Data provided Block Start

(* Let $L\geq 2$, $k \geq 1$, $m\geq 1$, and $\mathcal{M} = (m_1,\dots,m_L)$ positive integers with $m_1 = d$ and $m_\ell \leq m$ for all $1 \leq \ell \leq L$. For any points $X_1,\dots,X_n \in \mathcal{B}_1(\mathbb{R}^d)$, $$\mathbb{E}_{\epsilon}[\|\mathbb{S}_n\|_{F_{L,\mathcal{M},k}(1)}] \leq 64 \sqrt{\frac{(L-1)k m (m+1)}{n}} \left(\sqrt{(L+1)\log(2) + \frac12 \log(L^2+1)} + \frac{\sqrt{\pi}}{2}\right).$$
   Context: A $k$-maxout network of depth $L$ and widths $\mathcal{M}$ is $f(x) = \frac{1}{\sqrt{m_L}}\sum_{i=1}^{m_L} a_i \max_{j \in [k]} \langle w^{(L-1)}_{i,j}, (x^{(L-1)},1)\rangle$, $a_i\in\mathbb{R}$, where $x^{(1)} = x$ and for $2 \leq \ell \leq L-1$, $1\le i\le m_\ell$: $x^{(\ell)}_i = \frac{1}{\sqrt{m_\ell}} \max_{j\in[k]} \langle w^{(\ell-1)}_{i,j}, (x^{(\ell-1)},1)\rangle$, $w^{(\ell-1)}_{i,j}\in\mathbb{R}^{m_{\ell-1}+1}$. $F_{L,\mathcal{M},k}(1)$ is the set of such networks with $\|w^{(\ell)}_{i,j}\|_2 \leq 1$ for all $\ell,i,j$ and $\|a\|_2 \leq 1$. $\mathcal{B}_1(\mathbb{R}^d)$ is the closed unit Euclidean ball. With $\epsilon_1,\dots,\epsilon_n$ i.i.d. Rademacher variables, $\|\mathbb{S}_n\|_{\mathcal{F}} = \sup_{f\in\mathcal{F}} |\frac1n\sum_{i=1}^n\epsilon_i f(X_i)|$, and $\mathbb{E}_\epsilon$ is expectation over the $\epsilon_i$ with the points fixed. *)

theory Defs
  imports "HOL-Analysis.Analysis"
begin

(* Conventions: vectors of varying dimension are functions nat => real; a vector of
   R^D is represented by its components at indices 0..D-1 (other values are ignored).  Weights: W l i j p = p-th component of w^{(l)}_{i,j}
   (l = 1..L-1, neuron i < M (l+1), piece j < k, component p <= M l, where
   the component p = M l multiplies the appended constant 1, i.e. the bias). *)

definition maxout_pre :: "(nat \<Rightarrow> nat) \<Rightarrow> nat \<Rightarrow> (nat \<Rightarrow> nat \<Rightarrow> nat \<Rightarrow> nat \<Rightarrow> real)
    \<Rightarrow> nat \<Rightarrow> (nat \<Rightarrow> real) \<Rightarrow> nat \<Rightarrow> real" where
  "maxout_pre M k W l v i =
     Max ((\<lambda>j. (\<Sum>p<M l. W l i j p * v p) + W l i j (M l)) ` {..<k})"

fun maxout_hidden :: "(nat \<Rightarrow> nat) \<Rightarrow> nat \<Rightarrow> (nat \<Rightarrow> nat \<Rightarrow> nat \<Rightarrow> nat \<Rightarrow> real)
    \<Rightarrow> nat \<Rightarrow> (nat \<Rightarrow> real) \<Rightarrow> (nat \<Rightarrow> real)" where
  "maxout_hidden M k W 0 x = x"
| "maxout_hidden M k W (Suc 0) x = x"
| "maxout_hidden M k W (Suc (Suc l)) x =
     (\<lambda>i. (1 / sqrt (real (M (Suc (Suc l))))) *
            maxout_pre M k W (Suc l) (maxout_hidden M k W (Suc l) x) i)"

definition maxout_net :: "nat \<Rightarrow> (nat \<Rightarrow> nat) \<Rightarrow> nat \<Rightarrow> (nat \<Rightarrow> nat \<Rightarrow> nat \<Rightarrow> nat \<Rightarrow> real)
    \<Rightarrow> (nat \<Rightarrow> real) \<Rightarrow> (nat \<Rightarrow> real) \<Rightarrow> real" where
  "maxout_net L M k W a x =
     (1 / sqrt (real (M L))) *
     (\<Sum>i<M L. a i * maxout_pre M k W (L - 1) (maxout_hidden M k W (L - 1) x) i)"

definition maxout_class :: "nat \<Rightarrow> (nat \<Rightarrow> nat) \<Rightarrow> nat \<Rightarrow> ((nat \<Rightarrow> real) \<Rightarrow> real) set" where
  "maxout_class L M k =
     {maxout_net L M k W a | W a.
        (\<forall>l \<in> {1..L-1}. \<forall>i < M (Suc l). \<forall>j < k. (\<Sum>p\<le>M l. (W l i j p)^2) \<le> 1) \<and>
        (\<Sum>i<M L. (a i)^2) \<le> 1}"

definition rademacher_emp :: "nat \<Rightarrow> (nat \<Rightarrow> 'x) \<Rightarrow> ('x \<Rightarrow> real) set \<Rightarrow> real" where
  "rademacher_emp n X F =
     (\<Sum>\<epsilon> \<in> ({..<n} \<rightarrow>\<^sub>E {-1, 1::real}).
        (SUP f\<in>F. \<bar>(1 / real n) * (\<Sum>i<n. \<epsilon> i * f (X i))\<bar>)) / 2 ^ n"

end

theory Submission
  imports Defs "HOL-Probability.Hoeffding"
begin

Data provided Block End

• What is required: Count of lines with "component": please work it out for the entries above and give the number by itself.

• Solution to the exercise: 3